SMOOSH JUICE
Pulling Apart D&D 5e

Recently I played Lord of the Rings for 5e and I was struck by how Free League really pulled 5e apart and put it back together again, making a game that was both familiar and easy to play and also quite different in feel from D&D 5e. They’ve thrown out the bathwater and kept the baby.
How did they do it?
- They completely removed existing backgrounds and species and made new ones
- They changed a few skills and reassigned some to different basic abilities
- They removed all the existing feats and created new ones to suit the world
- They removed all the classes and replaced them
- They removed and replaced all the spells
- Added two new conditions which expanded on exhaustion
- They added new mechanics in the social and journey pillars, and chose optional rules as core (eg resting rules)
- Added cultures to species as another part of character backgrounds They added a new shadow mechanic, a sort of negative inspiration with its own save
- They emphasised downtime and in general the passage of time by integrating that into the social and journey pillars
- Added new monsters of course
So what did they leave?
- The six basic abilities and most of the skills
- Combat!
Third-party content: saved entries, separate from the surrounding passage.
lemma valley_if_unique_local_min:
  fixes \<phi> :: "real \<Rightarrow> real"
  assumes cont: "continuous_on UNIV \<phi>"
    and lim_top: "filterlim \<phi> at_top at_top" and lim_bot: "filterlim \<phi> at_top at_bot"
    and unique: "\<And>q. is_local_min \<phi> q \<Longrightarrow> q = m"
  shows "valley \<phi> m"
proof -
  have "continuous_on UNIV (\<lambda>s. \<phi> (- s))"
    by (intro continuous_on_compose2[OF cont] continuous_intros) auto
  moreover have "filterlim (\<lambda>s. \<phi> (- s)) at_top at_top"
    using lim_bot by (simp add: filterlim_at_bot_mirror)
  moreover have "\<not> is_local_min (\<lambda>s. \<phi> (- s)) q" if "q > - m" for q
    using unique[of "- q"] that by (auto simp: is_local_min_reflect)
  ultimately have reflected: "strict_mono_on {- m..} (\<lambda>s. \<phi> (- s))"
    by (rule strict_mono_on_if_no_local_min_right)
  have "strict_antimono_on {..m} \<phi>"
  proof (rule monotone_onI)
    fix x y assume "x \<in> {..m}" "y \<in> {..m}" "x < y"
    then show "\<phi> y < \<phi> x" using strict_mono_onD[OF reflected, of "- y" "- x"] by simp
  qed
  moreover have "strict_mono_on {m..} \<phi>"
    using unique by (intro strict_mono_on_if_no_local_min_right[OF cont lim_top]) force
  moreover have "filterlim \<phi> at_top at_infinity"
    using lim_top lim_bot by (simp add: at_infinity_eq_at_top_bot filterlim_sup)
  ultimately show ?thesis using cont by (simp add: valley_def)
qed

lemma valley_le_iff:
  assumes "valley \<phi> m"
  shows valley_le_iff_left: "a \<le> m \<Longrightarrow> b \<le> m \<Longrightarrow> \<phi> a \<le> \<phi> b \<longleftrightarrow> b \<le> a"
    and valley_le_iff_right: "m \<le> a \<Longrightarrow> m \<le> b \<Longrightarrow> \<phi> a \<le> \<phi> b \<longleftrightarrow> a \<le> b"
proof -
  have anti: "strict_antimono_on {..m} \<phi>" and mono: "strict_mono_on {m..} \<phi>"
    using assms by (auto simp: valley_def)
  show "a \<le> m \<Longrightarrow> b \<le> m \<Longrightarrow> \<phi> a \<le> \<phi> b \<longleftrightarrow> b \<le> a"
    using monotone_onD[OF anti, of a b] monotone_onD[OF anti, of b a]
    by (cases a b rule: linorder_cases) auto
  show "m \<le> a \<Longrightarrow> m \<le> b \<Longrightarrow> \<phi> a \<le> \<phi> b \<longleftrightarrow> a \<le> b"
    using monotone_onD[OF mono, of a b] monotone_onD[OF mono, of b a]
    by (cases a b rule: linorder_cases) auto
qed

lemma valley_opposite_level:
  assumes "valley \<phi> m"
  obtains y where "\<phi> y = \<phi> x" and "x \<le> m \<Longrightarrow> m \<le> y" and "m \<le> x \<Longrightarrow> y \<le> m"
proof -
  have cont: "continuous_on A \<phi>" for A
    using assms continuous_on_subset by (auto simp: valley_def)
  have "filterlim \<phi> at_top at_infinity" using assms by (simp add: valley_def)
  then have lim: "filterlim \<phi> at_top at_top" "filterlim \<phi> at_top at_bot"
    using filterlim_mono[OF _ order_refl] at_top_le_at_infinity at_bot_le_at_infinity by blast+
  consider "x = m" | "m < x" | "x < m" by linarith
  then show ?thesis
  proof cases
    case 1
    then show ?thesis using that by blast
  next
    case 2
    obtain X where "\<And>s. s \<le> X \<Longrightarrow> \<phi> x \<le> \<phi> s"
      using lim(2) by (auto simp: filterlim_at_top eventually_at_bot_linorder)
    moreover have "\<phi> m \<le> \<phi> x" using valley_le_iff_right[OF assms] 2 by simp
    ultimately obtain y where "y \<le> m" "\<phi> y = \<phi> x"
      using IVT2'[of \<phi> m "\<phi> x" "min X m"] cont by force
    then show ?thesis using that 2 by simp
  next
    case 3
    obtain X where "\<And>s. s \<ge> X \<Longrightarrow> \<phi> x \<le> \<phi> s"
      using lim(1) by (auto simp: filterlim_at_top eventually_at_top_linorder)
    moreover have "\<phi> m \<le> \<phi> x" using valley_le_iff_left[OF assms] 3 by simp
    ultimately obtain y where "m \<le> y" "\<phi> y = \<phi> x"
      using IVT'[of \<phi> m "\<phi> x" "max X m"] cont by force
    then show ?thesis using that 3 by simp
  qed
qed

lemma valley_sublevel_eq:
  assumes "valley \<phi> m" and "x \<le> m" "m \<le> y" "\<phi> x = \<phi> y"
  shows "{s. \<phi> s \<le> \<phi> x} = {x..y}"
proof -
  have "\<phi> s \<le> \<phi> x \<longleftrightarrow> x \<le> s \<and> s \<le> y" for s
  proof (cases "s \<le> m")
    case True
    then show ?thesis using valley_le_iff_left[OF assms(1) True assms(2)] assms(3) by linarith
  next
    case False
    then show ?thesis using valley_le_iff_right[OF assms(1), of s y] assms(2-4) by auto
  qed
  then show ?thesis by (intro set_eqI) (simp only: mem_Collect_eq atLeastAtMost_iff)
qed

lemma valley_extremes_same_level:
  assumes "valley \<phi> m" and level_closed: "\<And>x y. x \<in> K \<Longrightarrow> \<phi> y = \<phi> x \<Longrightarrow> y \<in> K"
    and "a \<in> K" "b \<in> K" "K \<subseteq> {a..b}"
  shows "\<phi> a = \<phi> b" and "a = b \<Longrightarrow> a = m"
proof -
  obtain a' where a': "\<phi> a' = \<phi> a" "a \<le> m \<Longrightarrow> m \<le> a'" "m \<le> a \<Longrightarrow> a' \<le> m"
    using valley_opposite_level[OF assms(1)] by metis
  obtain b' where b': "\<phi> b' = \<phi> b" "b \<le> m \<Longrightarrow> m \<le> b'" "m \<le> b \<Longrightarrow> b' \<le> m"
    using valley_opposite_level[OF assms(1)] by metis
  have a'_in: "a \<le> a'" "a' \<le> b" and b'_in: "a \<le> b'" "b' \<le> b"
    using level_closed[of a a'] level_closed[of b b'] a' b' assms(3-5) by auto
  consider "m \<le> a" | "b \<le> m" | "a < m" "m < b" by linarith
  then have "\<phi> a = \<phi> b \<and> (a = b \<longrightarrow> a = m)"
  proof cases
    case 1
    then have "a' = m" "b' = m" using a' a'_in b' b'_in by auto
    then show ?thesis using 1 a' b' a'_in by auto
  next
    case 2
    then have "a' = m" "b' = m" using a' a'_in b' b'_in by auto
    then show ?thesis using 2 a' b' b'_in by auto
  next
    case 3
    have "\<phi> a' \<le> \<phi> b" using valley_le_iff_right[OF assms(1), of a' b] 3 a' a'_in by auto
    moreover have "\<phi> b' \<le> \<phi> a" using valley_le_iff_left[OF assms(1), of b' a] 3 b' b'_in by auto
    ultimately show ?thesis using 3 a'(1) b'(1) by auto
  qed
  then show "\<phi> a = \<phi> b" "a = b \<Longrightarrow> a = m" by auto
qed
But without bonus actions or weapon masteries, since those are class features, and the classes were replaced
- Conditions
- The rules of ability and skill checks, including advantage and disadvantage
- Equipment, by and large
- Tools, by and large
- The way stat blocks look
And — incredibly — this is enough for it to also work on D&D Beyond for character generation and play, which is a big benefit to the game.
I wish the creators of Obojima, which envisages a very different 5e world from Forgotten Realms, had been so bold. There’s so much more we can do with the engine of 5e, as Free League has shown.